Friday, February 02, 2018

For Pens, only a third straight Stanley Cup will do

By Chris Mueller
January 31, 2018
Matt Murray #30 of the Pittsburgh Penguins defends the net against the San Jose Sharks at PPG Paints Arena on January 30, 2018 in Pittsburgh, Pennsylvania. (Photo by Joe Sargent/NHLI via Getty Images) 
Very possibly the last word one would use to describe most sports fans, especially fans of perennially successful teams, is “content.”
That’s not a knock on those fans, or a suggestion that they’re being unreasonable. It’s merely the nature of fandom itself. If your team is good, you want it to be better. If your team is the best, you want it to stay that way in perpetuity.
Rooting for a team means being a glutton when things are good. If a team is a two-time defending champion, like the Penguins are, one would assume that its backers would want to see a third in a row. After all, winning it all is difficult, so if your roster is good enough to do it in back-to-back years, why not ask them for even more?
For some Pens fans, that notion seemed ridiculous, especially when the team was struggling early in the year. The refrain was simple: the Penguins were worn out from the grind of two long playoff runs, and they just didn’t have any more gas left in the tank.

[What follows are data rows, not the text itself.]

lemma exists_is_maxent:
  assumes "feasible n m \<T> \<alpha> \<noteq> {}"
  shows "\<exists>p. is_maxent n m \<T> \<alpha> p"
proof -
  let ?S = "{p \<in> feasible n m \<T> \<alpha>. \<forall>D. D \<notin> mats n m \<longrightarrow> p D = 0}"
  let ?restrict = "\<lambda>q D. if D \<in> mats n m then q D else 0"
  have restrict_in_S: "?restrict q \<in> ?S" if "q \<in> feasible n m \<T> \<alpha>" for q
    using feasible_restrict_mats[OF that] by simp
  with assms have S_ne: "?S \<noteq> {}" by blast
  have S_cont: "continuous_on ?S (entropy n m)"
  proof -
    have "continuous_on ?S (\<lambda>p. p D * ln (p D))" if "D \<in> mats n m" for D
      using that by (intro continuous_on_compose2[OF continuous_on_mult_ln])
        (auto simp: feasible_def is_dist_def intro: continuous_on_subset[OF continuous_on_product_coordinates])
    then show ?thesis unfolding entropy_def by (intro continuous_on_minus continuous_on_sum)
  qed
  obtain p where p: "p \<in> ?S" and p_max: "\<forall>q\<in>?S. entropy n m q \<le> entropy n m p"
    using continuous_attains_sup[OF compact_feasible_vanishing S_ne S_cont] by blast
  have "entropy n m q \<le> entropy n m p" if "q \<in> feasible n m \<T> \<alpha>" for q
    using bspec[OF p_max restrict_in_S[OF that]] by (simp only: entropy_restrict_mats)
  with p show ?thesis unfolding is_maxent_def by blast
qed

lemma is_maxent_maxent:
  "feasible n m \<T> \<alpha> \<noteq> {} \<Longrightarrow> is_maxent n m \<T> \<alpha> (maxent n m \<T> \<alpha>)"
  using someI_ex[OF exists_is_maxent] unfolding maxent_def is_maxent_def .

definition prod_marginals :: "nat \<Rightarrow> nat \<Rightarrow> ((nat \<times> nat \<Rightarrow> bool) \<Rightarrow> real)
    \<Rightarrow> (nat \<times> nat \<Rightarrow> bool) \<Rightarrow> real" where
  "prod_marginals n m p D = (\<Prod>c\<in>cells n m. cellp n m p c (D c))"

lemma sum_prod_marginals:
  assumes "is_dist n m p"
  shows "(\<Sum>D\<in>mats n m. prod_marginals n m p D) = 1"
  using sum_supported_on_prod[where G = "cells n m" and V = "\<lambda>_. UNIV" and f = "cellp n m p"]
  by (simp add: prod_marginals_def mats_eq_supported_on sum_cellp[OF assms])

lemma cellp_prod_marginals:
  assumes p: "is_dist n m p"
  shows "cellp n m (prod_marginals n m p) c v = cellp n m p c v"
proof (cases "c \<in> cells n m")
  case True
  define V where "V c' = (if c' = c then {v} else UNIV)" for c'
  have "{D\<in>mats n m. D c = v} = {D\<in>supported_on (cells n m). \<forall>c'\<in>cells n m. D c' \<in> V c'}"
    using True by (auto simp: V_def mats_eq_supported_on)
  then have "cellp n m (prod_marginals n m p) c v
      = (\<Sum>D\<in>{D\<in>supported_on (cells n m). \<forall>c'\<in>cells n m. D c' \<in> V c'}.
           \<Prod>c'\<in>cells n m. cellp n m p c' (D c'))"
    unfolding cellp_def[of _ _ "prod_marginals n m p"] prod_marginals_def by simp
  also have "\<dots> = (\<Prod>c'\<in>cells n m. \<Sum>v'\<in>V c'. cellp n m p c' v')"
    by (simp add: sum_supported_on_prod)
  also have "\<dots> = cellp n m p c v"
    using True by (simp add: prod.remove V_def sum_cellp[OF p])
  finally show ?thesis .
next
  case False
  then have "\<not> D c" if "D \<in> mats n m" for D
    using that False unfolding mats_eq_supported_on supported_on_def by blast
  then have "{D\<in>mats n m. D c = v} = (if v then {} else mats n m)"
    by auto
  then show ?thesis
    using p sum_prod_marginals[OF p] by (simp add: cellp_def is_dist_def)
qed

lemma is_dist_prod_marginals: "is_dist n m p \<Longrightarrow> is_dist n m (prod_marginals n m p)"
  unfolding is_dist_def[of _ _ "prod_marginals n m p"] prod_marginals_def
  by (simp add: prod_nonneg cellp_nonneg sum_prod_marginals[unfolded prod_marginals_def])

lemma prod_marginals_in_feasible:
  "p \<in> feasible n m \<T> \<alpha> \<Longrightarrow> prod_marginals n m p \<in> feasible n m \<T> \<alpha>"
  unfolding feasible_def by (simp add: is_dist_prod_marginals fr_eq_sum_cellp cellp_prod_marginals)

lemma sum_mats_mult_ln_prod_marginals:
  assumes "\<And>D. D \<in> mats n m \<Longrightarrow> q D \<noteq> 0 \<Longrightarrow> prod_marginals n m p D \<noteq> 0"
  shows "(\<Sum>D\<in>mats n m. q D * ln (prod_marginals n m p D)) =
    (\<Sum>c\<in>cells n m. \<Sum>v\<in>UNIV. cellp n m q c v * ln (cellp n m p c v))"
proof -
  have "(\<Sum>D\<in>mats n m. q D * ln (prod_marginals n m p D))
      = (\<Sum>D\<in>mats n m. q D * (\<Sum>c\<in>cells n m. ln (cellp n m p c (D c))))"
  proof (rule sum.cong)
    fix D assume "D \<in> mats n m"
    then show "q D * ln (prod_marginals n m p D) = q D * (\<Sum>c\<in>cells n m. ln (cellp n m p c (D c)))"
      using assms by (cases "q D = 0") (auto simp: prod_marginals_def ln_prod)
  qed simp
  also have "\<dots> = (\<Sum>c\<in>cells n m. \<Sum>v\<in>UNIV. cellp n m q c v * ln (cellp n m p c v))"
    by (rule sum_mats_sum_cells) simp
  finally show ?thesis .
qed

lemma is_maxent_eq_prod_marginals:
  assumes "is_maxent n m \<T> \<alpha> p" "D \<in> mats n m"
  shows "p D = prod_marginals n m p D"
proof -
  have p: "is_dist n m p" and r: "is_dist n m (prod_marginals n m p)"
    using assms(1) by (auto simp: is_maxent_def feasible_def is_dist_prod_marginals)
  have r_pos: "0 < prod_marginals n m p D" if "D \<in> mats n m" "0 < p D" for D
    unfolding prod_marginals_def using le_cellp[OF p that(1)] that(2)
    by (intro prod_pos) (auto intro: less_le_trans)
  have "entropy n m (prod_marginals n m p) \<le> entropy n m p"
    using assms(1) prod_marginals_in_feasible by (auto simp: is_maxent_def)
  moreover have "(\<Sum>D\<in>mats n m. prod_marginals n m p D * ln (prod_marginals n m p D))
      = (\<Sum>D\<in>mats n m. p D * ln (prod_marginals n m p D))"
  proof -
    have "p D \<noteq> 0 \<Longrightarrow> prod_marginals n m p D \<noteq> 0" if "D \<in> mats n m" for D
      using r_pos[OF that] p that by (fastforce simp: is_dist_def order_le_less)
    then show ?thesis
      by (simp add: sum_mats_mult_ln_prod_marginals cellp_prod_marginals[OF p])
  qed
  ultimately have "(\<Sum>D\<in>mats n m. p D * ln (p D)) \<le> (\<Sum>D\<in>mats n m. p D * ln (prod_marginals n m p D))"
    by (simp add: entropy_def)
  moreover have "sum (prod_marginals n m p) (mats n m) = sum p (mats n m)"
    using p sum_prod_marginals[OF p] by (simp add: is_dist_def)
  ultimately show ?thesis
    using p r r_pos assms(2) by (intro gibbs_equality[OF finite_mats]) (simp_all add: is_dist_def)
qed

lemma entropy_mix_ge:
  assumes p: "is_dist n m p" and q: "is_dist n m q" and D0: "D0 \<in> mats n m" "p D0 = 0"
    and t: "0 < t" "t \<le> 1"
  shows "(1 - t) * entropy n m p + t * entropy n m q - t * (q D0 * ln t)
    \<le> entropy n m (\<lambda>D. (1 - t) * p D + t * q D)"
proof -
  define B where "B D = (1 - t) * (p D * ln (p D)) + t * (q D * ln (q D))
    + (if D = D0 then t * (q D0 * ln t) else 0)" for D
  have "((1 - t) * p D + t * q D) * ln ((1 - t) * p D + t * q D) \<le> B D" if D: "D \<in> mats n m" for D
  proof (cases "D = D0")
    case True
    have "0 \<le> q D0" using q D0(1) by (simp add: is_dist_def)
    then have "(t * q D0) * ln (t * q D0) = t * (q D0 * ln (q D0)) + t * (q D0 * ln t)"
      using t by (cases "q D0 = 0") (simp_all add: ln_mult algebra_simps)
    then show ?thesis using True D0(2) by (simp add: B_def)
  next
    case False
    then show ?thesis
      using mult_ln_convex[of "p D" "q D" t] p q D t by (simp add: B_def is_dist_def)
  qed
  then have "(\<Sum>D\<in>mats n m. ((1 - t) * p D + t * q D) * ln ((1 - t) * p D + t * q D)) \<le> sum B (mats n m)"
    by (rule sum_mono)
  also have "sum B (mats n m) = (1 - t) * (\<Sum>D\<in>mats n m. p D * ln (p D))
      + t * (\<Sum>D\<in>mats n m. q D * ln (q D)) + t * (q D0 * ln t)"
    unfolding B_def using D0(1) finite_mats by (simp add: sum.distrib sum_distrib_left)
  finally show ?thesis by (simp add: entropy_def)
qed

lemma is_maxent_pos:
  assumes p: "is_maxent n m \<T> \<alpha> p" and q: "q \<in> feasible n m \<T> \<alpha>"
    and D0: "D0 \<in> mats n m" "0 < q D0"
  shows "0 < p D0"
proof (rule ccontr)
  assume "\<not> 0 < p D0"
  moreover have "0 \<le> p D0" using p D0(1) by (simp add: is_maxent_def feasible_def is_dist_def)
  ultimately have p_D0: "p D0 = 0" by simp
  define K where "K = entropy n m p - entropy n m q"
  have "0 \<le> K" using p q by (simp add: K_def is_maxent_def)
  \<comment> \<open>chosen so that the gain \<open>- t * q D0 * ln t = t * (K + 1)\<close> at \<open>D0\<close> beats the loss \<open>t * K\<close>\<close>
  define t where "t = exp (- (K + 1) / q D0)"
  have t: "0 < t" "t < 1"
    using \<open>0 \<le> K\<close> D0(2) by (simp_all add: t_def divide_neg_pos)
  have "q D0 * ln t = entropy n m q - entropy n m p - 1"
    using D0(2) by (simp add: t_def K_def)
  then have "(1 - t) * entropy n m p + t * entropy n m q - t * (q D0 * ln t) = entropy n m p + t"
    by (simp only:) (simp add: algebra_simps)
  then have "entropy n m p + t \<le> entropy n m (\<lambda>D. (1 - t) * p D + t * q D)"
    using entropy_mix_ge[of n m p q D0 t] p q D0(1) p_D0 t
    by (simp add: is_maxent_def feasible_def)
  moreover have "(\<lambda>D. (1 - t) * p D + t * q D) \<in> feasible n m \<T> \<alpha>"
    using p q t by (intro feasible_mix) (auto simp: is_maxent_def)
  ultimately show False using p t by (force simp: is_maxent_def)
qed

lemma KL_eq_sum_cells:
  assumes p: "is_dist n m p" and q: "is_dist n m q"
    and p_prod: "\<And>D. D \<in> mats n m \<Longrightarrow> p D = prod_marginals n m p D"
    and q_prod: "\<And>D. D \<in> mats n m \<Longrightarrow> q D = prod_marginals n m q D"
    and q_pos: "\<And>D. D \<in> mats n m \<Longrightarrow> 0 < p D \<Longrightarrow> 0 < q D"
  shows "KL n m p q =
    (\<Sum>c\<in>cells n m. \<Sum>v\<in>UNIV. cellp n m p c v * ln (cellp n m p c v / cellp n m q c v))"
proof -
  have "p D * ln (p D / q D) = p D * (\<Sum>c\<in>cells n m. ln (cellp n m p c (D c) / cellp n m q c (D c)))"
    if D: "D \<in> mats n m" for D
  proof (cases "p D = 0")
    case False
    then have "0 < p D" "0 < q D" using p q_pos[OF D] D by (auto simp: is_dist_def order_le_less)
    then have "cellp n m p c (D c) / cellp n m q c (D c) \<noteq> 0" for c
      using less_le_trans[OF _ le_cellp[OF p D]] less_le_trans[OF _ le_cellp[OF q D]]
      by (metis divide_eq_0_iff less_irrefl)
    moreover have "p D / q D = (\<Prod>c\<in>cells n m. cellp n m p c (D c) / cellp n m q c (D c))"
      using p_prod[OF D] q_prod[OF D] by (simp add: prod_marginals_def prod_dividef)
    ultimately show ?thesis by (simp add: ln_prod[OF finite_cells])
  qed simp
  then have "KL n m p q
      = (\<Sum>D\<in>mats n m. p D * (\<Sum>c\<in>cells n m. ln (cellp n m p c (D c) / cellp n m q c (D c))))"
    unfolding KL_def by (rule sum.cong[OF refl])
  also have "\<dots> = (\<Sum>c\<in>cells n m. \<Sum>v\<in>UNIV. cellp n m p c v * ln (cellp n m p c v / cellp n m q c v))"
    by (rule sum_mats_sum_cells) simp
  finally show ?thesis .
qed

theorem theorem4:
  fixes n m :: nat and \<A> \<B> :: "tile set" and \<alpha> :: "tile \<Rightarrow> real"
  assumes "n \<ge> 1" and "m \<ge> 1"
    and "\<forall>T\<in>\<A>. is_tile n m T"
    and "\<B> \<subseteq> \<A>"
    and "feasible n m \<A> \<alpha> \<noteq> {}"
  shows "KL n m (maxent n m \<A> \<alpha>) (maxent n m \<B> \<alpha>) =
    (\<Sum>c\<in>{1..n} \<times> {1..m}. \<Sum>v\<in>(UNIV :: bool set).
       cellp n m (maxent n m \<A> \<alpha>) c v *
         ln (cellp n m (maxent n m \<A> \<alpha>) c v / cellp n m (maxent n m \<B> \<alpha>) c v))"
proof -
  have feasible_sub: "feasible n m \<A> \<alpha> \<subseteq> feasible n m \<B> \<alpha>"
    using \<open>\<B> \<subseteq> \<A>\<close> by (auto simp: feasible_def)
  have A: "is_maxent n m \<A> \<alpha> (maxent n m \<A> \<alpha>)"
    using assms(5) by (rule is_maxent_maxent)
  have B: "is_maxent n m \<B> \<alpha> (maxent n m \<B> \<alpha>)"
    using assms(5) feasible_sub by (intro is_maxent_maxent) blast
  have "maxent n m \<A> \<alpha> \<in> feasible n m \<B> \<alpha>"
    using A feasible_sub by (auto simp: is_maxent_def)
  then have "0 < maxent n m \<B> \<alpha> D" if "D \<in> mats n m" "0 < maxent n m \<A> \<alpha> D" for D
    using is_maxent_pos[OF B] that by blast
  moreover have "is_dist n m (maxent n m \<A> \<alpha>)" "is_dist n m (maxent n m \<B> \<alpha>)"
    using A B by (simp_all add: is_maxent_def feasible_def)
  ultimately show ?thesis
    unfolding cells_def[symmetric]
    using is_maxent_eq_prod_marginals[OF A] is_maxent_eq_prod_marginals[OF B]
    by (intro KL_eq_sum_cells)
qed

end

Not that people seemed particularly upset. The rationale, seen with some frequency on social media, went something like this: while the team was playing poorly, consecutive titles meant that the Penguins had delivered on their end of the bargain, had brought fans enough happiness, and therefore were off the hook no matter how bad things got the rest of the year.
That school of thought is hogwash, of course. The only acceptable outcome for this Penguins campaign is another Stanley Cup.
“But Chris,” you’re saying, “they’ve played too many games! It’s tough enough to repeat, let alone win three in a row! They could run into a hot goalie!”
It doesn’t matter. Last time I checked, they have Sidney Crosby, Evgeni Malkin, Phil Kessel, Kris Letang and Matt Murray. All five players are healthy. The first three have been very productive, especially lately.
Letang has been wildly inconsistent, but his coach seems to think that his play will uptick very soon. Murray has had a very difficult year on and off the ice thus far, but he’s 2 for 2 in his career when it comes to winning the Stanley Cup.
The Penguins might be starting to play their best hockey, having gone 9-3 in January by virtue of last night’s win over the Sharks.
Long story short, the core of this team is still intact. Jim Rutherford will doubtless make some more trades to bolster the roster. If the Minnesota Wild fall out of the playoff picture, you can expect to see Matt Cullen, one of the key role players on the last two Cup runs, back in black and gold.
Fans only seem to give the Pens this relaxed treatment. The Steelers have arguably the best roster in the league. People were rightly incensed when they were bounced by the Jaguars in humiliating fashion. The Pirates are rightly pilloried for having done virtually nothing to try and improve on a 98-win team after the 2015 season.
The Penguins have won the most titles of any team in town this century. They have the best hockey player in the world, plus a top-10 player on the planet as their second-line center, and a third-line winger who may end up winning the Art Ross Trophy. That should mean that they’re held to a higher standard than any other team in town. Barring injury, there’s nothing that could legitimately be used as an excuse for failure. Heck, they won it all last year without Letang, thought by many to be their most irreplaceable piece.
It’s actually disrespectful to Mike Sullivan and his players to give them a pass on this season. They’re certainly not making excuses for themselves, and they would bristle at the notion that two Cups is good enough. They’re competitors — they always want more.
When you’re considering what would constitute an acceptable result for the Penguins this year, stop for a minute and try to name a team you would take over them in a seven-game series, especially knowing what they’ve done the last two years.
Come up with any teams? Maybe the Tampa Bay Lightning? As good as the Bolts are, I wouldn’t pick them, or any other team, to beat the Penguins. I won’t believe they’ll lose until I see it.
And that is why anything less than another championship will make this year one thing — a disappointment.